### [Dataset extract]

lemma right_part_gap_mass:
  assumes z2: "z2 \<notin> nbhd A \<epsilon>"
  obtains P where "P \<in> sets borel" "P \<subseteq> nbhd A \<epsilon> - A" "P \<subseteq> {z2<..}"
    "c * measure M (A \<inter> {z2..}) \<le> measure M P"
proof (cases "A \<inter> {z2..} = {}")
  case True
  then show ?thesis using that[of "{}"] by simp
next
  case False
  have "bdd_below (A \<inter> {z2..})" by (rule bdd_belowI[of _ z2]) auto
  then obtain a where a: "a \<in> A \<inter> {z2..}" "a < Inf (A \<inter> {z2..}) + \<epsilon>"
    using cInf_less_iff[OF False, of "Inf (A \<inter> {z2..}) + \<epsilon>"] eps_pos by auto
  obtain \<alpha> where "z2 \<le> \<alpha>" "\<alpha> + \<epsilon> \<le> a" "\<alpha> \<notin> nbhd A \<epsilon>" "{\<alpha><..a} \<subseteq> nbhd A \<epsilon>"
    and P: "{\<alpha><..<\<alpha> + \<epsilon>} \<subseteq> nbhd A \<epsilon> - A"
    by (rule nbhd_gap_right[OF z2]) (use a in auto)
  have "A \<inter> {z2..} \<subseteq> {\<alpha>..}"
    using cInf_lower[OF _ \<open>bdd_below (A \<inter> {z2..})\<close>] a(2) \<open>\<alpha> + \<epsilon> \<le> a\<close> by fastforce
  then have "c * measure M (A \<inter> {z2..}) \<le> c * measure M {\<alpha>..}"
    using A c_nonneg by (intro mult_left_mono finite_measure_mono) auto
  also have "\<dots> \<le> measure M {\<alpha><..<\<alpha> + \<epsilon>}"
    using mass_right[of \<alpha>] trunc_above[OF \<open>z2 \<le> \<alpha>\<close>] by simp
  finally have "c * measure M (A \<inter> {z2..}) \<le> measure M {\<alpha><..<\<alpha> + \<epsilon>}" .
  moreover have "{\<alpha><..<\<alpha> + \<epsilon>} \<subseteq> {z2<..}" using \<open>z2 \<le> \<alpha>\<close> by auto
  ultimately show ?thesis by (intro that[OF _ P]) auto
qed
(* Let $\mathrm P$ be a polymatroid on $E$ of type $\mathbf a$. Then the support of the augmented Bergman fan $\Sigma_{\mathrm P}$ (a subfan of $\Sigma_{\mathbf a}$) equals the support of the augmented Bergman fan $\Sigma_{\mathrm M_\pi(\mathrm P)}$ of the multisymmetric lift (a subfan of the stellahedral fan $\Sigma_{\widetilde E}$); more precisely, $\Sigma_{\mathrm P}$ is the coarsening of $\Sigma_{\mathrm M_\pi(\mathrm P)}$ which is a subfan of $\Sigma_{\mathbf a}$.
   Context: $E=\{1,\dots,m\}$, $\mathbf a\in\mathbb Z_{\ge0}^m$, $n=\sum a_i$. Polymatroid $\mathrm P$ of type $\mathbf a$: submodular monotone $\operatorname{rk}_{\mathrm P}:2^E\to\mathbb Z_{\ge0}$ with $\operatorname{rk}_{\mathrm P}(\emptyset)=0$, $\operatorname{rk}_{\mathrm P}(\{i\})\le a_i$. Flats: $F$ with $\operatorname{rk}(F\cup e)>\operatorname{rk}(F)$ for $e\notin F$. $\widetilde E$ is an $n$-element set, $\pi:\widetilde E\to E$ with $|\pi^{-1}(i)|=a_i$; $\mathbf e_U=\sum_{j\in U}\mathbf e_j\in\mathbb R^{\widetilde E}$. For any map $\pi:\widetilde E\to E$, a compatible pair $I\le\mathcal F$ is $I\subseteq\widetilde E$ and a chain $\mathcal F=\{F_1\subsetneq\dots\subsetneq F_{k+1}=E\}$ ($k\ge0$) with $\pi^{-1}(A)\subseteq I\Rightarrow A\subseteq F_1$; the fan $\Sigma_\pi$ has cones $\sigma_{I\le\mathcal F}=\operatorname{cone}(-\mathbf e_{\widetilde E\setminus\pi^{-1}(F_1)},\dots,-\mathbf e_{\widetilde E\setminus\pi^{-1}(F_k)},\mathbf e_j:j\in I)$. $\Sigma_{\mathbf a}=\Sigma_\pi$; the stellahedral fan $\Sigma_{\widetilde E}$ is $\Sigma_{\mathrm{id}}$ for $\mathrm{id}:\widetilde E\to\widetilde E$. The augmented Bergman fan $\Sigma_{\mathrm P}$ is the subfan of $\Sigma_{\mathbf a}$ of cones $\sigma_{S\le\mathcal F}$ with $S\subseteq\widetilde E$, $F_1,\dots,F_k$ proper flats of $\mathrm P$, such that (1) $\operatorname{rk}_{\mathrm P}(\pi(T))\ge|T|$ for all $T\subseteq S$ and (2) $\operatorname{rk}_{\mathrm P}(F\cup\pi(T))>\operatorname{rk}_{\mathrm P}(F)+|T|$ for all $F\in\mathcal F$ and nonempty $T\subseteq S\setminus\pi^{-1}(F)$. The multisymmetric lift $\mathrm M_\pi(\mathrm P)$ is the matroid on $\widetilde E$ with rank function $\operatorname{rk}(U)=\min_{A\subseteq E}\{\operatorname{rk}_{\mathrm P}(A)+|U\setminus\pi^{-1}(A)|\}$. For a matroid $\mathrm M$ on $\widetilde E$, its augmented Bergman fan $\Sigma_{\mathrm M}$ is the subfan of $\Sigma_{\widetilde E}$ of cones $\sigma_{I\le\mathcal F}$ with $I$ independent in $\mathrm M$, $\mathcal F$ a chain of proper flats of $\mathrm M$ (plus the ground set) and $I\subseteq F_1$. *)

theory Defs
  imports Complex_Main
begin

text \<open>Ground set E :: 'a set (finite), lifted ground set Et :: 'b set (finite),
  map p : Et -> E. The type a is a_i = card of the fibre of p over i.
  Vectors in R^Et are functions 'b => real (vanishing outside Et for our generators).\<close>

definition fibre_card :: "'b set \<Rightarrow> ('b \<Rightarrow> 'a) \<Rightarrow> 'a \<Rightarrow> nat" where
  "fibre_card Et p i = card {j \<in> Et. p j = i}"

definition polymatroid :: "'a set \<Rightarrow> 'b set \<Rightarrow> ('b \<Rightarrow> 'a) \<Rightarrow> ('a set \<Rightarrow> nat) \<Rightarrow> bool" where
  "polymatroid E Et p rk \<longleftrightarrow>
     rk {} = 0 \<and>
     (\<forall>A B. A \<subseteq> B \<and> B \<subseteq> E \<longrightarrow> rk A \<le> rk B) \<and>
     (\<forall>A B. A \<subseteq> E \<and> B \<subseteq> E \<longrightarrow> rk (A \<union> B) + rk (A \<inter> B) \<le> rk A + rk B) \<and>
     (\<forall>i \<in> E. rk {i} \<le> fibre_card Et p i)"

definition is_flat :: "'a set \<Rightarrow> ('a set \<Rightarrow> nat) \<Rightarrow> 'a set \<Rightarrow> bool" where
  "is_flat E rk F \<longleftrightarrow> F \<subseteq> E \<and> (\<forall>e \<in> E - F. rk (insert e F) > rk F)"

definition vec_ind :: "'b set \<Rightarrow> 'b \<Rightarrow> real" where
  "vec_ind U = (\<lambda>j. if j \<in> U then 1 else 0)"

definition cone_gen :: "('b \<Rightarrow> real) set \<Rightarrow> ('b \<Rightarrow> real) set" where
  "cone_gen G = {x. \<exists>c. (\<forall>g \<in> G. c g \<ge> 0) \<and> x = (\<lambda>j. \<Sum>g\<in>G. c g * g j)}"

text \<open>A chain F_1 < ... < F_k < F_(k+1) = E is represented by the list Fs = [F_1,...,F_k];
  F_1 is hd (Fs @ [E]).\<close>
definition is_chain :: "'a set \<Rightarrow> 'a set list \<Rightarrow> bool" where
  "is_chain E Fs \<longleftrightarrow> sorted_wrt (\<subset>) (Fs @ [E])"

definition first_flat :: "'a set \<Rightarrow> 'a set list \<Rightarrow> 'a set" where
  "first_flat E Fs = hd (Fs @ [E])"

definition compatible :: "'a set \<Rightarrow> 'b set \<Rightarrow> ('b \<Rightarrow> 'a) \<Rightarrow> 'b set \<Rightarrow> 'a set list \<Rightarrow> bool" where
  "compatible E Et p I Fs \<longleftrightarrow> I \<subseteq> Et \<and> is_chain E Fs \<and>
     (\<forall>A. A \<subseteq> E \<and> {j \<in> Et. p j \<in> A} \<subseteq> I \<longrightarrow> A \<subseteq> first_flat E Fs)"

definition sigma_cone :: "'b set \<Rightarrow> ('b \<Rightarrow> 'a) \<Rightarrow> 'b set \<Rightarrow> 'a set list \<Rightarrow> ('b \<Rightarrow> real) set" where
  "sigma_cone Et p I Fs =
     cone_gen ((\<lambda>F. (\<lambda>j. - vec_ind (Et - {j \<in> Et. p j \<in> F}) j)) ` set Fs
               \<union> (\<lambda>j. vec_ind {j}) ` I)"

definition fan_pi :: "'a set \<Rightarrow> 'b set \<Rightarrow> ('b \<Rightarrow> 'a) \<Rightarrow> ('b \<Rightarrow> real) set set" where
  "fan_pi E Et p = {sigma_cone Et p I Fs | I Fs. compatible E Et p I Fs}"
lemma lyapunov_exists:
  fixes a lam :: real
  assumes a: "0 < a" "a < 1/2" and lam: "0 < lam" "lam \<le> 2 / (1 - 2 * a)"
  shows "\<exists>\<mu> g. lyapunov lam \<mu> g \<and> 0 < \<mu> \<and> 4 \<le> \<mu>^2 \<and> \<mu>^2 * (1 - 4 * a^2) \<le> 4"
proof (cases "2 \<le> lam")
  case True
  define \<mu> where "\<mu> = lam * (1 / sqrt (lam - 1))"
  have sq: "\<mu>^2 * (lam - 1) = lam^2"
    using True by (simp add: \<mu>_def power_mult_distrib power_divide)
  have "0 \<le> (lam - 2)^2"
    by simp
  then have "4 * (lam - 1) \<le> \<mu>^2 * (lam - 1)"
    unfolding sq by (simp add: power2_eq_square algebra_simps)
  then have "4 \<le> \<mu>^2"
    using True mult_le_cancel_right_pos[of "lam - 1" 4 "\<mu>^2"] by simp
  moreover have "(\<mu>^2 * (1 - 4 * a^2)) * (lam - 1) \<le> 4 * (lam - 1)"
  proof -
    have "(\<mu>^2 * (1 - 4 * a^2)) * (lam - 1) = lam^2 * (1 - 4 * a^2)"
      using sq by (metis mult.assoc mult.commute)
    also have "\<dots> \<le> 4 * (lam - 1)"
      by (rule pinning_rate_le[OF a True lam(2)])
    finally show ?thesis .
  qed
  then have "\<mu>^2 * (1 - 4 * a^2) \<le> 4"
    using True mult_le_cancel_right_pos[of "lam - 1" "\<mu>^2 * (1 - 4 * a^2)" 4] by simp
  moreover have "0 < \<mu>"
    using True by (simp add: \<mu>_def)
  ultimately show ?thesis
    using lyapunov_geometric[OF True] unfolding \<mu>_def by blast
next
  case False
  then show ?thesis
    using lyapunov_constant[OF lam(1)] a by (intro exI[of _ 2]) auto
qed

section \<open>First-passage decompositions\<close>

definition touching_bridges :: "int \<Rightarrow> nat \<Rightarrow> bool list set" where
  "touching_bridges h n = {bs \<in> nonneg_bridges h n. 0 \<in> set (heights h bs)}"

definition single_contact_bridges :: "int \<Rightarrow> nat \<Rightarrow> bool list set" where
  "single_contact_bridges h n = {bs \<in> nonneg_bridges h n. count_list (heights h bs) 0 = 1}"

definition first_passage :: "int \<Rightarrow> bool list \<Rightarrow> bool" where
  "first_passage h p \<longleftrightarrow> displacement p = - h \<and> (\<forall>v\<in>set (butlast (heights h p)). 0 < v)"

definition last_exit :: "int \<Rightarrow> bool list \<Rightarrow> bool" where
  "last_exit h r \<longleftrightarrow> displacement r = h \<and> (\<forall>v\<in>set (tl (heights 0 r)). 0 < v)"

lemma first_passage_prefix_unique:
  assumes "first_passage h p" "first_passage h p'" "p @ x = p' @ x'"
  shows "p = p'"
proof -
  have "p = p'" if "first_passage h p" "first_passage h p'" "p @ x = p' @ x'" "length p \<le> length p'"
    for p p' x x'
  proof (rule ccontr)
    assume "p \<noteq> p'"
    have prefix: "p = take (length p) p'"
      using arg_cong[OF that(3), of "take (length p)"] that(4) by simp
    with \<open>p \<noteq> p'\<close> that(4) have less: "length p < length p'"
      by (metis le_neq_implies_less take_all)
    then have "butlast (heights h p') ! length p = h + displacement p"
      by (subst prefix) (simp add: nth_butlast nth_heights)
    moreover have "butlast (heights h p') ! length p \<in> set (butlast (heights h p'))"
      using less by (intro nth_mem) simp
    ultimately show False
      using that(1,2) by (auto simp: first_passage_def)
  qed
  then show ?thesis
    using assms by (metis nat_le_linear)
qed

### [What you are asked to do]
Which lines run from the one holding "using sq by" through the one holding "h p \<longleftrightarrow>" in the records above? Repeat them exactly, both included, and nothing more.

### [Solution to this problem]
      using sq by (metis mult.assoc mult.commute)
    also have "\<dots> \<le> 4 * (lam - 1)"
      by (rule pinning_rate_le[OF a True lam(2)])
    finally show ?thesis .
  qed
  then have "\<mu>^2 * (1 - 4 * a^2) \<le> 4"
    using True mult_le_cancel_right_pos[of "lam - 1" "\<mu>^2 * (1 - 4 * a^2)" 4] by simp
  moreover have "0 < \<mu>"
    using True by (simp add: \<mu>_def)
  ultimately show ?thesis
    using lyapunov_geometric[OF True] unfolding \<mu>_def by blast
next
  case False
  then show ?thesis
    using lyapunov_constant[OF lam(1)] a by (intro exI[of _ 2]) auto
qed

section \<open>First-passage decompositions\<close>

definition touching_bridges :: "int \<Rightarrow> nat \<Rightarrow> bool list set" where
  "touching_bridges h n = {bs \<in> nonneg_bridges h n. 0 \<in> set (heights h bs)}"

definition single_contact_bridges :: "int \<Rightarrow> nat \<Rightarrow> bool list set" where
  "single_contact_bridges h n = {bs \<in> nonneg_bridges h n. count_list (heights h bs) 0 = 1}"

definition first_passage :: "int \<Rightarrow> bool list \<Rightarrow> bool" where
  "first_passage h p \<longleftrightarrow> displacement p = - h \<and> (\<forall>v\<in>set (butlast (heights h p)). 0 < v)"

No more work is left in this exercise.